Birth

In the late 70s, DNA and protein sequences started being produced quite easily and with them came the need for storage and analysis tools. The first computing programs to be developed aimed at comparing proteins between different species to understand what they were doing. This was the very beginning of bioinformatics. In fact, the term appeared for the first time in 1970 and referred to the study of information processes in biotic systems, so it did not really mean what is called bioinformatics now1,2. In the 80s, Amos Bairoch - today Group Leader at SIB - felt the need to perfect an existing protein sequence databank. While working on his PhD, he started to “annotate” proteins by adding information such as their structure and pathological roles, and adapted the database to computers3. Swiss-Prot, the manually annotated protein sequence database, was born! This was in 1986. At that time, the various versions were distributed on magnetic tapes by EMBL-Heidelberg. It was the start of a long-lasting collaboration.

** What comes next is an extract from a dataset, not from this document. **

(* Let $\kappa\ge 2$, let $\psi^+$ be a rooted binary topological tree on a taxon set $X$, and let $a,b,c,d\in X$ be distinct taxa such that the unrooted topology of $\psi^+|_{\{a,b,c,d\}}$ is the quartet $ab|cd$. For $P\in\mathrm{UE}_\kappa(\psi^+)$ let $\tilde P=P_{\{a,b,c,d\}}$. Then for all $P\in\mathrm{UE}_\kappa(\psi^+)$, $\operatorname{Flat}_{ab|cd}(\tilde P)$ has rank at most $\binom{\kappa+1}{2}$, while for generic $P\in\mathrm{UE}_\kappa(\psi^+)$ both $\operatorname{Flat}_{ac|bd}(\tilde P)$ and $\operatorname{Flat}_{ad|bc}(\tilde P)$ have rank $\kappa^2$.
   Context: A $\kappa$-state site pattern probability tensor on a finite taxon set $X$ is an $|X|$-way $\kappa\times\cdots\times\kappa$ real array with one index per taxon, non-negative entries summing to 1. $P_Y$ denotes marginalization to taxa $Y\subseteq X$; $\psi^+|_Y$ is the induced rooted subtree. A 2-clade of a rooted tree is a pair of leaves that are exactly the leaf descendants of some vertex. $\mathrm{UE}_\kappa(\psi^+)$ is the set of all such tensors $P$ such that for every $Y\subseteq X$ and every 2-clade $\{a,b\}$ of $\psi^+|_Y$, $P_Y$ is invariant under exchanging the $a$ and $b$ indices. For a 4-way $\kappa\times\kappa\times\kappa\times\kappa$ array $\tilde P$ with indices corresponding to taxa $a,b,c,d$, the flattening $\operatorname{Flat}_{ab|cd}(\tilde P)$ is the $\kappa^2\times\kappa^2$ matrix with rows indexed by pairs $(i,j)$ of states of $a,b$, columns indexed by pairs $(k,l)$ of states of $c,d$, and $((i,j),(k,l))$-entry $\tilde P(i,j,k,l)$; $\operatorname{Flat}_{ac|bd}$ and $\operatorname{Flat}_{ad|bc}$ are defined analogously, with rows indexed by the states of the first pair of taxa and columns by the states of the second pair. "Generic" means: outside a subset of measure zero (a proper algebraic subset) of $\mathrm{UE}_\kappa(\psi^+)$. *)

theory Defs
  imports "HOL-Library.FuncSet" "Jordan_Normal_Form.DL_Rank"
begin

From a one-man team to a Swiss Institute

With the emergence of microcomputers and the constant increase in protein dataflow, Swiss-Prot needed specialized annotators, also called biocurators. Biocuration, i.e. the activity of extracting, organizing, and making biological information accessible to both humans and computers, became essential4. The Swiss-Prot database was growing exponentially and being used world-wide, while protein curation was going full speed both in Heidelberg/Hinxton and in Geneva. Towards the end of the 90s, the Swiss team lacked funds because of the heterogeneous nature of the project: it was both national and international. In 1996, the Swiss government and the Swiss National Fund recognized nevertheless the scientific value of Swiss-Prot and accepted to finance the project for two years but no longer. To solve the issue, the SIB Swiss Institute of Bioinformatics was created in 1998: the Geneva Swiss-Prot group had a new home and its mission was to keep on developing the database. The collaboration with the team in EMBL-EBI could continue2.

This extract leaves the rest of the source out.